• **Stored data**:
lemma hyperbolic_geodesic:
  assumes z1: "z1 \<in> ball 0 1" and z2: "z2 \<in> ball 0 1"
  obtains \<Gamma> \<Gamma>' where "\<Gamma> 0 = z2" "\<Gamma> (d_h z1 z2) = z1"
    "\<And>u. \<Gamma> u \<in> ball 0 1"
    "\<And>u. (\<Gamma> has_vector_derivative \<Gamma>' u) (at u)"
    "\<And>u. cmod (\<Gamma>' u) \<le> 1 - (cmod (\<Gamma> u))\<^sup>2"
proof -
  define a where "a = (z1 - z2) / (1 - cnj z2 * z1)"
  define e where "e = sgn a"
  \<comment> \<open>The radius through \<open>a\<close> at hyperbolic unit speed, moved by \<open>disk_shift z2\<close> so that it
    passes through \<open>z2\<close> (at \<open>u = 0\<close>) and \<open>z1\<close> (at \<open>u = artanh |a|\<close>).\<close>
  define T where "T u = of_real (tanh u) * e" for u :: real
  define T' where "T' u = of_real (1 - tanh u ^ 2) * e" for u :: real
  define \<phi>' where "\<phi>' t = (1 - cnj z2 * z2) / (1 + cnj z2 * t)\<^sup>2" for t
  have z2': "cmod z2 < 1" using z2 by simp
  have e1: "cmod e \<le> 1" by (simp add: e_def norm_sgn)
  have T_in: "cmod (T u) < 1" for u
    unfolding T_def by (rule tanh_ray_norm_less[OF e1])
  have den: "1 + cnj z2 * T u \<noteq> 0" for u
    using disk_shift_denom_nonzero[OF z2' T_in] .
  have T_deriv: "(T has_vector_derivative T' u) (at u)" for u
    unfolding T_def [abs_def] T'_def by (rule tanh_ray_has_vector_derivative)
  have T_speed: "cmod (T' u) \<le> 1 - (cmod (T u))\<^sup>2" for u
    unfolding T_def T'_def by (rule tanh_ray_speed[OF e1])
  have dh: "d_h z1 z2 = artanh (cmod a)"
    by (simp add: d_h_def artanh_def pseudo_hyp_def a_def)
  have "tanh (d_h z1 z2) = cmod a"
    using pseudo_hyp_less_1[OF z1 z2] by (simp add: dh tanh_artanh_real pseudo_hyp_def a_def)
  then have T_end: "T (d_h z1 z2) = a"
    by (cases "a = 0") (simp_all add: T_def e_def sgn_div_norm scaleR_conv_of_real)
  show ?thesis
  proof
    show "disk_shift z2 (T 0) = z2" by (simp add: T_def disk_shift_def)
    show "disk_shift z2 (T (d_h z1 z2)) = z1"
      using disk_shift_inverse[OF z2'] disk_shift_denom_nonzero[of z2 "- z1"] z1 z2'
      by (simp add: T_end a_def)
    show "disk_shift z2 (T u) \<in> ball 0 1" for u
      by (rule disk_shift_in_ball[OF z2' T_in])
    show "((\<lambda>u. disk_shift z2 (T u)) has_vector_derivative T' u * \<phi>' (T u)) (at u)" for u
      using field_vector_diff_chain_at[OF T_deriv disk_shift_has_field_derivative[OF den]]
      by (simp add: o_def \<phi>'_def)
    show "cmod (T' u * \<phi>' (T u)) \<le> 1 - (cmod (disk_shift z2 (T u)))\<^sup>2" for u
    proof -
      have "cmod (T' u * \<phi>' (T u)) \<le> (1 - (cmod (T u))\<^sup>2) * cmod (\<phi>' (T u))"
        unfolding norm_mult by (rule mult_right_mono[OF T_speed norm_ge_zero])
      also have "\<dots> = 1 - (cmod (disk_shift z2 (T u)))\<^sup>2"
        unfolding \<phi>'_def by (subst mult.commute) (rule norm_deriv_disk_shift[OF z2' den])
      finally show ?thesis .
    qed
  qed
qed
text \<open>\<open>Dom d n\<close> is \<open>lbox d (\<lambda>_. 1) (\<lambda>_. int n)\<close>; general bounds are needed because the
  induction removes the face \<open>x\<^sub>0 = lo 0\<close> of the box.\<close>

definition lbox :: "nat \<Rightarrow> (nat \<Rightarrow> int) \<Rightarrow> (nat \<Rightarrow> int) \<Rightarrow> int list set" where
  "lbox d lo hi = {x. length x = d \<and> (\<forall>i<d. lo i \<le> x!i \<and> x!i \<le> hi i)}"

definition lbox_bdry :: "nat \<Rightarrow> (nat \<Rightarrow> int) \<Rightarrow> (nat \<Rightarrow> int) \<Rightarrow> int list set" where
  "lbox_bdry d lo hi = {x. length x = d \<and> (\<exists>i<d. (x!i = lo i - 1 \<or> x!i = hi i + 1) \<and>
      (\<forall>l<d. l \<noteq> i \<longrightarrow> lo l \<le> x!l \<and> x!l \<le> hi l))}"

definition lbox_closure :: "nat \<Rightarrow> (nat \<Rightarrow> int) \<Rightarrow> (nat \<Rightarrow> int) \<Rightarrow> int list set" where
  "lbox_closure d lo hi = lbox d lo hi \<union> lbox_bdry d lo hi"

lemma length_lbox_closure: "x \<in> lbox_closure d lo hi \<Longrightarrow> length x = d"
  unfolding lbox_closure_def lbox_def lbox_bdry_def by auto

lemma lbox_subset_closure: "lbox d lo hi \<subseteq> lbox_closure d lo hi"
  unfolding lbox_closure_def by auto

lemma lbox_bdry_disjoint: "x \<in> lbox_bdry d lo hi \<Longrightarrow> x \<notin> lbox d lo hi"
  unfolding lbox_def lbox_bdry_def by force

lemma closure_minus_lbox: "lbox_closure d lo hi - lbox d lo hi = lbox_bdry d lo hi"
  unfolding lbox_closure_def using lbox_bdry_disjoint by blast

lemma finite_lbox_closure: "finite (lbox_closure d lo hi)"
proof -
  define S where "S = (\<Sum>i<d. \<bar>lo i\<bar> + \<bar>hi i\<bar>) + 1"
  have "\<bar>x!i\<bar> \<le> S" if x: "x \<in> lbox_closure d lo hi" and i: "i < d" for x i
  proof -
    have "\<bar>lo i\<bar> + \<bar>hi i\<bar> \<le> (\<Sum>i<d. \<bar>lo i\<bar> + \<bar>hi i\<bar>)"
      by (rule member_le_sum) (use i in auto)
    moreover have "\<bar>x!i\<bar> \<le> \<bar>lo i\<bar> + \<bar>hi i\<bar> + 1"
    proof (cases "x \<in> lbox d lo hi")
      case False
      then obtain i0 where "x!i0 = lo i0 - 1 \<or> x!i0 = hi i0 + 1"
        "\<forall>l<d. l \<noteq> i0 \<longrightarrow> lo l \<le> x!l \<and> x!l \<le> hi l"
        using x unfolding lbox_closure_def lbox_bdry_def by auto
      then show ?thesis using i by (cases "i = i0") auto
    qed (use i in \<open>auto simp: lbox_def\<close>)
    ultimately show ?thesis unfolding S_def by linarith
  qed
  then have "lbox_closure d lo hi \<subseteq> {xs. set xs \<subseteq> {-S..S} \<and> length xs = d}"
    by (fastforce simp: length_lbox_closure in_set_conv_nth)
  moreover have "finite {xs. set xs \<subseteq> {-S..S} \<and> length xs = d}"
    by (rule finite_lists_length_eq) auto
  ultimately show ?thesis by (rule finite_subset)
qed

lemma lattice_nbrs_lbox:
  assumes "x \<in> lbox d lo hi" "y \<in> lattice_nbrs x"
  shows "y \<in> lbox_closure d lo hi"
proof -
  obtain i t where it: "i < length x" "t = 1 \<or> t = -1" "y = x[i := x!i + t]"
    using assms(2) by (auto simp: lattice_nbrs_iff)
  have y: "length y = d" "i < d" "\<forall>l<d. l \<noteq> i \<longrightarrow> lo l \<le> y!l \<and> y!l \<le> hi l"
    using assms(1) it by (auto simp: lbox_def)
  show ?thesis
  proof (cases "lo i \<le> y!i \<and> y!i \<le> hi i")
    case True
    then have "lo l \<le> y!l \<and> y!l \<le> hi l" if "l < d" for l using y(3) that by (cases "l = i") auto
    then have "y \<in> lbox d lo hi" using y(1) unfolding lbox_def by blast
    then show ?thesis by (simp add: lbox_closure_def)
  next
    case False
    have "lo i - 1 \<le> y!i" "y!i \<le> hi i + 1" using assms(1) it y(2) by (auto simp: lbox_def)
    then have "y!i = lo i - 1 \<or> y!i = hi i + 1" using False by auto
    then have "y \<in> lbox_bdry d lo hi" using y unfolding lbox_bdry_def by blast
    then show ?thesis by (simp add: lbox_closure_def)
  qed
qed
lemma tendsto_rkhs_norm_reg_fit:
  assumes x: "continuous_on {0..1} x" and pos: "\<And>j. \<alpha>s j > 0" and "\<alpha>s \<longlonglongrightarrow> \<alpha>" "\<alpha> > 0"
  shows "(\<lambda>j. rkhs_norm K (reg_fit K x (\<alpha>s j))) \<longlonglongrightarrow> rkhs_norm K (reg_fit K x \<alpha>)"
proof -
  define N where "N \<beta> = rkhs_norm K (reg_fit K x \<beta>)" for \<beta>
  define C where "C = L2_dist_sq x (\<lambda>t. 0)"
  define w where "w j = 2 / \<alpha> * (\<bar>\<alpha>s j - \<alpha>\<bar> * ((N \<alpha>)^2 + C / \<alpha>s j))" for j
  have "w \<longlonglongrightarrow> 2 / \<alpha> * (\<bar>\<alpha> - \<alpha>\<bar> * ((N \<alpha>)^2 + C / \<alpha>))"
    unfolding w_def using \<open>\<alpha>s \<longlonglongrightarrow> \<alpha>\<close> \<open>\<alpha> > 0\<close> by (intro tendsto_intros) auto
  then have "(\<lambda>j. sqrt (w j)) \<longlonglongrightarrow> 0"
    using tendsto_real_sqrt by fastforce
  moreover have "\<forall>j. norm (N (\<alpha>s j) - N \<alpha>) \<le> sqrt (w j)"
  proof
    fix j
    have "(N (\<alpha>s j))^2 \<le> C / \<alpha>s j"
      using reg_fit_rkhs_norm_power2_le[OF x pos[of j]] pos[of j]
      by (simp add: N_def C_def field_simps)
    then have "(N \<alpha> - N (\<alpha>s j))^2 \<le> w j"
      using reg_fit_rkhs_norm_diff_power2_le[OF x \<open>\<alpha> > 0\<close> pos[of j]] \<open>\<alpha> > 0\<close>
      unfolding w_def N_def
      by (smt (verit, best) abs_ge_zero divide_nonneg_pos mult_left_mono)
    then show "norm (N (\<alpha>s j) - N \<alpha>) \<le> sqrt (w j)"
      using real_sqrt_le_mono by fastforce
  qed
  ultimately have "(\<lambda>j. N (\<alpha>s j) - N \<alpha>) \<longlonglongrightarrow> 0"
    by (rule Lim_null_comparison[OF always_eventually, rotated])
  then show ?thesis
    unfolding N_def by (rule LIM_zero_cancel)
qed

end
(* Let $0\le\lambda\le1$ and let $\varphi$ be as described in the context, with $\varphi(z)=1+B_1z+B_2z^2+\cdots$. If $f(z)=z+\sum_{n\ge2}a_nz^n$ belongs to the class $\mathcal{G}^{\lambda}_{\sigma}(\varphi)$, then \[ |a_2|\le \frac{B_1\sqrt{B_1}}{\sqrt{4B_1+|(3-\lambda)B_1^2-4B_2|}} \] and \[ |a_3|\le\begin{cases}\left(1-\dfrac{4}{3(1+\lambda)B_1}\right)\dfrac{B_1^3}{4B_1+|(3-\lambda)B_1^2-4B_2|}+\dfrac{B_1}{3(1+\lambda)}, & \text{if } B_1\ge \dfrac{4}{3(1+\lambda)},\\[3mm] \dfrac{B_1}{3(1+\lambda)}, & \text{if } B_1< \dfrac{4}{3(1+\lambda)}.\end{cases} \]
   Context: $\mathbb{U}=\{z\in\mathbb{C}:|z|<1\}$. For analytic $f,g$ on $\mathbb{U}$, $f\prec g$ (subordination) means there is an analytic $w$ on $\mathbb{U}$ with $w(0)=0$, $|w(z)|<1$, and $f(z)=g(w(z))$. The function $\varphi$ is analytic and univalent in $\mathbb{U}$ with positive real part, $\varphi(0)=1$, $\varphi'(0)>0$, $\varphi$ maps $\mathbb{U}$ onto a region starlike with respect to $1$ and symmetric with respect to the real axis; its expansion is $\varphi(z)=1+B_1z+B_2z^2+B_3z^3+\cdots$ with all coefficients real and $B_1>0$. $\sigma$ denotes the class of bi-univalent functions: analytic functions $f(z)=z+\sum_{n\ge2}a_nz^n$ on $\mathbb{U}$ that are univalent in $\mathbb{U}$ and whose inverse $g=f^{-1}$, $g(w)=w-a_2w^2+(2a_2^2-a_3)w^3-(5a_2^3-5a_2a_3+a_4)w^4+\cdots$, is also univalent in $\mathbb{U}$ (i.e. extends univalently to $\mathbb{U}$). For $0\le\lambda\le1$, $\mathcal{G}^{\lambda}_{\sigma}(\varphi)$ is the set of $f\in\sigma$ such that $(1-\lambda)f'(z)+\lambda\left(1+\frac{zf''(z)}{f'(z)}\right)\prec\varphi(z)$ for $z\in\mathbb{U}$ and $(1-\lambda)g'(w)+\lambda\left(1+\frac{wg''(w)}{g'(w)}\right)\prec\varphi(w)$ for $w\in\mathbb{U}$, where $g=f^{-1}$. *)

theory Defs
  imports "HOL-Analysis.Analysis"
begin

• **TASK ITEM**: Could you reproduce exactly the lines of the entries above, from the one with "j))^2 \<le> C" through the one with "(* Let $0\le\lambda\le1$", and nothing else?

• **RESPONSE BELOW**:
    have "(N (\<alpha>s j))^2 \<le> C / \<alpha>s j"
      using reg_fit_rkhs_norm_power2_le[OF x pos[of j]] pos[of j]
      by (simp add: N_def C_def field_simps)
    then have "(N \<alpha> - N (\<alpha>s j))^2 \<le> w j"
      using reg_fit_rkhs_norm_diff_power2_le[OF x \<open>\<alpha> > 0\<close> pos[of j]] \<open>\<alpha> > 0\<close>
      unfolding w_def N_def
      by (smt (verit, best) abs_ge_zero divide_nonneg_pos mult_left_mono)
    then show "norm (N (\<alpha>s j) - N \<alpha>) \<le> sqrt (w j)"
      using real_sqrt_le_mono by fastforce
  qed
  ultimately have "(\<lambda>j. N (\<alpha>s j) - N \<alpha>) \<longlonglongrightarrow> 0"
    by (rule Lim_null_comparison[OF always_eventually, rotated])
  then show ?thesis
    unfolding N_def by (rule LIM_zero_cancel)
qed

end
(* Let $0\le\lambda\le1$ and let $\varphi$ be as described in the context, with $\varphi(z)=1+B_1z+B_2z^2+\cdots$. If $f(z)=z+\sum_{n\ge2}a_nz^n$ belongs to the class $\mathcal{G}^{\lambda}_{\sigma}(\varphi)$, then \[ |a_2|\le \frac{B_1\sqrt{B_1}}{\sqrt{4B_1+|(3-\lambda)B_1^2-4B_2|}} \] and \[ |a_3|\le\begin{cases}\left(1-\dfrac{4}{3(1+\lambda)B_1}\right)\dfrac{B_1^3}{4B_1+|(3-\lambda)B_1^2-4B_2|}+\dfrac{B_1}{3(1+\lambda)}, & \text{if } B_1\ge \dfrac{4}{3(1+\lambda)},\\[3mm] \dfrac{B_1}{3(1+\lambda)}, & \text{if } B_1< \dfrac{4}{3(1+\lambda)}.\end{cases} \]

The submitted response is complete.